Showing a certain map is a norm.

Define $$\|x\|=\sqrt[3]{(|x_1|^2+|x_2|^2)^{3/2}+|x_3|^3}$$ for any $x=(x_1,x_2,x_3)\in \Bbb R^3$. Show that $\|\cdot\|$ is a norm on $\Bbb R^3$.
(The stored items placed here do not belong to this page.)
definition block_apply :: "(nat \<Rightarrow> nat \<Rightarrow> real^'d) \<Rightarrow> (nat \<Rightarrow> nat) \<Rightarrow> (nat \<Rightarrow> nat \<Rightarrow> real) \<Rightarrow> nat \<Rightarrow> real^'d" where
  "block_apply b m c i = (\<Sum>j<m i. c i j *\<^sub>R b i j)"

definition dict_apply :: "(nat \<Rightarrow> nat \<Rightarrow> real^'d) \<Rightarrow> (nat \<Rightarrow> nat) \<Rightarrow> nat set \<Rightarrow> (nat \<Rightarrow> nat \<Rightarrow> real) \<Rightarrow> real^'d" where
  "dict_apply b m L c = (\<Sum>i\<in>L. block_apply b m c i)"

definition block_norm :: "real \<Rightarrow> (nat \<Rightarrow> nat) \<Rightarrow> (nat \<Rightarrow> nat \<Rightarrow> real) \<Rightarrow> nat \<Rightarrow> real" where
  "block_norm q m c i = (\<Sum>j<m i. \<bar>c i j\<bar> powr q) powr (1 / q)"

definition block_zero :: "(nat \<Rightarrow> nat) \<Rightarrow> (nat \<Rightarrow> nat \<Rightarrow> real) \<Rightarrow> nat \<Rightarrow> bool" where
  "block_zero m c i \<longleftrightarrow> (\<forall>j<m i. c i j = 0)"

definition block_sum_space :: "(nat \<Rightarrow> nat \<Rightarrow> real^'d) \<Rightarrow> (nat \<Rightarrow> nat) \<Rightarrow> nat set \<Rightarrow> (real^'d) set" where
  "block_sum_space b m L = span (\<Union>i\<in>L. block_span b m i)"

definition is_kbs_rep :: "(nat \<Rightarrow> nat \<Rightarrow> real^'d) \<Rightarrow> (nat \<Rightarrow> nat) \<Rightarrow> nat \<Rightarrow> nat \<Rightarrow> real^'d
    \<Rightarrow> nat set \<Rightarrow> (nat \<Rightarrow> real^'d) \<Rightarrow> bool" where
  "is_kbs_rep b m n k y L s \<longleftrightarrow> L \<subseteq> {1..n} \<and> card L \<le> k \<and>
     (\<forall>i\<in>L. s i \<in> block_span b m i - {0}) \<and> y = (\<Sum>i\<in>L. s i)"

definition unique_kbs :: "(nat \<Rightarrow> nat \<Rightarrow> real^'d) \<Rightarrow> (nat \<Rightarrow> nat) \<Rightarrow> nat \<Rightarrow> nat \<Rightarrow> bool" where
  "unique_kbs b m n k \<longleftrightarrow> (\<forall>y L s L' s'. is_kbs_rep b m n k y L s \<and> is_kbs_rep b m n k y L' s'
      \<longrightarrow> L = L' \<and> (\<forall>i\<in>L. s i = s' i))"

text \<open>V_L(x) = min { sum_{i in L} ||c[i]||_q : x = sum_{i in L} B[i] c[i] } (the minimum is attained,
  so it equals the infimum).\<close>
definition V :: "(nat \<Rightarrow> nat \<Rightarrow> real^'d) \<Rightarrow> (nat \<Rightarrow> nat) \<Rightarrow> real \<Rightarrow> nat set \<Rightarrow> real^'d \<Rightarrow> real" where
  "V b m q L x = Inf {(\<Sum>i\<in>L. block_norm q m c i) | c. x = dict_apply b m L c}"

definition opt_lq_l1 :: "(nat \<Rightarrow> nat \<Rightarrow> real^'d) \<Rightarrow> (nat \<Rightarrow> nat) \<Rightarrow> nat \<Rightarrow> real \<Rightarrow> real^'d
    \<Rightarrow> (nat \<Rightarrow> nat \<Rightarrow> real) \<Rightarrow> bool" where
  "opt_lq_l1 b m n q y c \<longleftrightarrow> y = dict_apply b m {1..n} c \<and>
     (\<forall>c'. y = dict_apply b m {1..n} c' \<longrightarrow>
        (\<Sum>i\<in>{1..n}. block_norm q m c i) \<le> (\<Sum>i\<in>{1..n}. block_norm q m c' i))"

end

theory Submission
  imports Defs
begin

text \<open>If every optimal solution is supported on \<open>\<Lambda>\<close>, a nonzero \<open>x\<close> in both sums with
  \<open>V\<^sub>\<Lambda>(x)\<close> at least the value of \<open>V\<close> on the complement cannot exist: the cheapest representation
  of \<open>x\<close> on the complement would be an optimal solution for \<open>x\<close>, yet it is not supported on \<open>\<Lambda>\<close>.
  Conversely, if an optimal \<open>c\<close> had a nonzero block outside \<open>\<Lambda>\<close>, the part \<open>x\<close> of \<open>Bc\<close>
  carried by the complement lies in both sums; replacing it by a cheaper representation on \<open>\<Lambda>\<close>
  lowers the cost, by Minkowski's inequality for the blockwise \<open>\<ell>\<^sub>q\<close> norms. Minima exist by
  compactness, so \<open>V\<close> is attained.\<close>

subsection \<open>Minkowski's inequality\<close>

lemma powr_convex_combination_le:
  fixes a b t q :: real
  assumes "q \<ge> 1" "0 \<le> a" "0 \<le> b" "0 \<le> t" "t \<le> 1"
  shows "(t * a + (1 - t) * b) powr q \<le> t * a powr q + (1 - t) * b powr q"
proof -
  have scale: "(s * x) powr q \<le> s * x powr q" if "0 \<le> s" "s \<le> 1" "0 \<le> x" for s x :: real
  proof -
    have "s powr q \<le> s powr 1"
      using powr_mono'[of 1 q s] that assms(1) by simp
    then show ?thesis
      using that by (simp add: powr_mult mult_right_mono)
  qed
  consider "a = 0" | "b = 0" | "a > 0" "b > 0"
    using assms by linarith
  then show ?thesis
  proof cases
    case 1
    then show ?thesis using scale[of "1 - t" b] assms by simp
  next
    case 2
    then show ?thesis using scale[of t a] assms by simp
  next
    case 3
    then show ?thesis
      using convex_onD[OF powr_convex[OF assms(1)], of t b a] assms by (simp add: algebra_simps)
  qed
qed
(* Let $K$ be a simplicial complex on $[m]$ and $\mathbf{k}$ a commutative ring. Let $I,J\subset[m]$ with $I\cap J=\varnothing$, $\alpha\in\widetilde H^i(K_I;\mathbf{k})$, $\beta\in\widetilde H^j(K_J;\mathbf{k})$. Suppose $I\subset I'\subset I\cup J$ and $\alpha=\phi^*(\alpha')$ for some $\alpha'\in\widetilde H^i(K_{I'};\mathbf{k})$, where $\phi:K_I\hookrightarrow K_{I'}$ is the inclusion. Let $J'=(I\cup J)\setminus I'$ and $\beta'=\psi^*(\beta)$, where $\psi:K_{J'}\hookrightarrow K_J$ is the inclusion. Then $\alpha\cdot\beta=\alpha'\cdot\beta'$ in the Baskakov–Hochster ring of $K$.
   Context: $K_I$ is the full subcomplex on $I$. The Baskakov–Hochster ring of $K$ is $\bigoplus_{J\subset[m]}\widetilde H^*(K_J;\mathbf{k})$ (with $\widetilde H^{-1}(K_\varnothing)=\mathbf{k}$) with the product which, for $I\cap J=\varnothing$, is the map $\widetilde H^{p}(K_I)\otimes\widetilde H^{q}(K_J)\to\widetilde H^{p+q+1}(K_{I\cup J})$ induced by the inclusion $K_{I\cup J}\hookrightarrow K_I*K_J$ and the cochain isomorphism $\widetilde C^{p}(K_I)\otimes\widetilde C^{q}(K_J)\to\widetilde C^{p+q+1}(K_I*K_J)$, $\sigma\otimes\tau\mapsto\sigma\cup\tau$, and is zero when $I\cap J\neq\varnothing$. *)

theory Defs
  imports Main
begin

text \<open>A simplicial complex on [m] = {1..m}: a family of subsets of [m], containing the
  empty simplex, closed under taking subsets (ghost vertices allowed).\<close>
definition simplicial_complex :: "nat \<Rightarrow> nat set set \<Rightarrow> bool" where
  "simplicial_complex m K \<longleftrightarrow> {} \<in> K \<and> (\<forall>\<sigma>\<in>K. \<sigma> \<subseteq> {1..m})
     \<and> (\<forall>\<sigma>\<in>K. \<forall>\<tau>. \<tau> \<subseteq> \<sigma> \<longrightarrow> \<tau> \<in> K)"

definition full_sub :: "nat set set \<Rightarrow> nat set \<Rightarrow> nat set set" where
  "full_sub K I = {\<sigma>\<in>K. \<sigma> \<subseteq> I}"

definition simplices :: "nat set set \<Rightarrow> int \<Rightarrow> nat set set" where
  "simplices K p = {\<sigma>\<in>K. int (card \<sigma>) = p + 1}"
(* Let $\phi\in C^1([0,\infty);[0,\infty))$ satisfy $\max_{r\ge0}\phi(r)=\phi(0)>0$ and $\max_{r\ge0}|r\phi(r)|=A_\infty$ for some constant $A_\infty>0$. Then for every $b>\frac{4}{\phi(0)}$ there exists a solution $v$ of $$r v''=v'\Big(1-v\,\phi\big(\tfrac{v}{r}\big)\Big),\quad r>0,\qquad v(0)=v'(0)=0,$$ such that $\lim_{r\to+\infty}v(r)=b$. *)

theory Defs
  imports "HOL-Analysis.Analysis"
begin

end

theory Submission
  imports Defs
begin

text \<open>Shooting in the parameter \<open>l \<ge> 0\<close>: if \<open>U\<close> solves \<open>t U'' = U' (1 - U phi (l U / t))\<close> with
  \<open>U(0) = U'(0) = 0\<close>, then \<open>v r = U (l r)\<close> solves the equation of the theorem. Writing
  \<open>U t = t X t\<close>, the equation becomes the fixed point problem
  \<open>X r = (1/r) \<integral>\<^sub>0\<^sup>r 2 s exp (- \<integral>\<^sub>0\<^sup>s X phi (l X)) ds\<close>, solved by Banach's theorem with a Bielecki
  weight, which also gives Lipschitz dependence on \<open>l\<close>. The solution \<open>U\<close> is increasing. For
  \<open>l = 0\<close> a conserved quantity gives \<open>U \<le> 4 / phi 0 < b\<close>; a bounded \<open>U\<close> has supremum \<open>L\<close> with
  \<open>L phi 0 > 2\<close>, and if \<open>L < b\<close> a Lyapunov function keeps \<open>U\<close> below \<open>b\<close> for all nearby parameters.
  For large \<open>l\<close>, \<open>U\<close> exceeds \<open>b\<close>. The parameters with \<open>U\<close> exceeding \<open>b\<close>, resp. trapped below
  \<open>b\<close>, form disjoint nonempty open subsets of \<open>(0, \<infinity>)\<close>, so by connectedness some \<open>l > 0\<close> lies in
  neither, and then \<open>U \<longlonglongrightarrow> b\<close>.\<close>

lemma DERIV_nonneg_imp_le:
  fixes g g' :: "real \<Rightarrow> real"
  assumes "a \<le> b" and "continuous_on {a..b} g"
    and "\<And>x. a < x \<Longrightarrow> x < b \<Longrightarrow> (g has_real_derivative g' x) (at x)"
    and "\<And>x. a < x \<Longrightarrow> x < b \<Longrightarrow> g' x \<ge> 0"
  shows "g a \<le> g b"
  using DERIV_nonneg_imp_increasing_open[of a b g] assms by blast

lemma abs_exp_minus_diff_le:
  fixes a b :: real
  assumes "0 \<le> a" "0 \<le> b"
  shows "\<bar>exp (- a) - exp (- b)\<bar> \<le> \<bar>a - b\<bar>"
proof -
  have ordered: "exp (- x) - exp (- y) \<le> y - x" if "0 \<le> x" "x \<le> y" for x y :: real
  proof -
    have "1 + (x - y) \<le> exp (- (y - x))"
      using exp_ge_add_one_self[of "x - y"] by simp
    then have "1 - exp (- (y - x)) \<le> y - x" by linarith
    then have "exp (- x) * (1 - exp (- (y - x))) \<le> 1 * (y - x)"
      using that by (intro mult_mono) auto
    moreover have "exp (- x) * (1 - exp (- (y - x))) = exp (- x) - exp (- y)"
      by (simp add: algebra_simps flip: exp_add)
    ultimately show ?thesis by simp
  qed
  show ?thesis
    using ordered[of a b] ordered[of b a] assms by (cases "a \<le> b") (auto simp: abs_if)
qed

lemma integral_exp_affine:
  fixes \<beta> s C c :: real
  assumes "\<beta> > 0" "s \<ge> 0"
  shows "integral {0..s} (\<lambda>t. C * exp (\<beta> * t) + c) = C * (exp (\<beta> * s) - 1) / \<beta> + c * s"
proof -
  have "((\<lambda>t. C * exp (\<beta> * t) + c) has_integral
      ((C * exp (\<beta> * s) / \<beta> + c * s) - (C * exp (\<beta> * 0) / \<beta> + c * 0))) {0..s}"
    using assms by (intro fundamental_theorem_of_calculus)
      (auto intro!: derivative_eq_intros
        simp: has_real_derivative_iff_has_vector_derivative[symmetric])
  then show ?thesis
    by (intro integral_unique) (simp add: algebra_simps diff_divide_distrib)
qed

lemma integral_double:
  fixes s :: real
  assumes "s \<ge> 0"
  shows "integral {0..s} (\<lambda>t. 2 * t) = s\<^sup>2"
proof -
  have "((\<lambda>t. 2 * t) has_integral (s\<^sup>2 - 0\<^sup>2)) {0..s}"
    using assms by (intro fundamental_theorem_of_calculus)
      (auto intro!: derivative_eq_intros
        simp: has_real_derivative_iff_has_vector_derivative[symmetric])
  then show ?thesis by (intro integral_unique) simp
qed

lemma abs_integral_diff_le:
  fixes f g h :: "real \<Rightarrow> real"
  assumes "f integrable_on S" "g integrable_on S" "h integrable_on S"
    and "\<And>t. t \<in> S \<Longrightarrow> \<bar>f t - g t\<bar> \<le> h t"
  shows "\<bar>integral S f - integral S g\<bar> \<le> integral S h"
  using integral_norm_bound_integral[of "\<lambda>t. f t - g t" S h] integral_diff[of f S g] assms
  by (simp add: integrable_diff)

lemma at_within_atLeast_eq:
  fixes r a :: real
  assumes "a \<le> r" "r < c"
  shows "at r within {a..c} = at r within {a..}"
  by (rule at_within_nhd[of _ "{..<c}"]) (use assms in auto)

lemma continuous_on_atLeast_0I:
  assumes "\<And>R. R > 0 \<Longrightarrow> continuous_on {0..R} f"
  shows "continuous_on {0::real..} f"
  unfolding continuous_on_eq_continuous_within
proof
  fix t :: real assume "t \<in> {0..}"
  then have "continuous (at t within {0..t+1}) f"
    using assms[of "t+1"] by (simp add: continuous_on_eq_continuous_within)
  then show "continuous (at t within {0..}) f"
    using at_within_atLeast_eq[of 0 t "t+1"] \<open>t \<in> {0..}\<close> by simp
qed

lemma eventually_at_within_imp_ball:
  assumes "eventually P (at x within S)" "P x"
  shows "\<exists>d>0. \<forall>y\<in>S. dist y x < d \<longrightarrow> P y"
  using assms unfolding eventually_at by metis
I stuck on showing triangle inequality. I don't know how to show $$\|x+y\|\le \|x\|+\|y\|$$ for $x,y\in \Bbb R^3$. That is $$\sqrt[3]{(|x_1+y_1|^2+|x_2+y_2|^2)^{3/2}+|x_3+y_3|^3}\le \sqrt[3]{(|x_1|^2+|x_2|^2)^{3/2}+|x_3|^3}+\sqrt[3]{(|y_1|^2+|y_2|^2)^{3/2}+|y_3|^3}$$ How do I show that?

Note, that $\|\cdot\|$ is somehow the composition of the $2$-norm and the $3$-norm on $\mathbb R^2$. We have $$\|x\| = \|(\|(x_1,x_2)\|_2,x_3)\|_3$$ and with this at hand the proof is easy (but a bit ugly).

We have by the triangle inequality for the $2$-norm

$$a:= \|(x_1+y_1,x_2+y_2)\|_2 \leq \|(x_1,x_2)\|_2 + \|(y_1,y_2)\|_2 =:b$$

and since for all $a,b\in\mathbb R$ the inequality $|a| \leq |b|$ induces $\|(a,x_3+y_3)\|_3 \leq \|(b,x_3+y_3)\|_3$, we obtain (by using also the triangle inequality for the $3$-norm)

$$\|x+y\| = \|(\|(x_1+y_1,x_2+y_2)\|_2,x_3+y_3)\|_3 \\ \leq \|(\|(x_1,x_2)\|_2 + \|(y_1,y_2)\|_2,x_3+y_3)\|_3\\ \leq \|(\|(x_1,x_2)\|_2,x_3)\|_3 + \|(\|(y_1,y_2)\|_2,y_3)\|_3\\ = \|x\| + \|y\|.$$

This procedure could of course be generalised.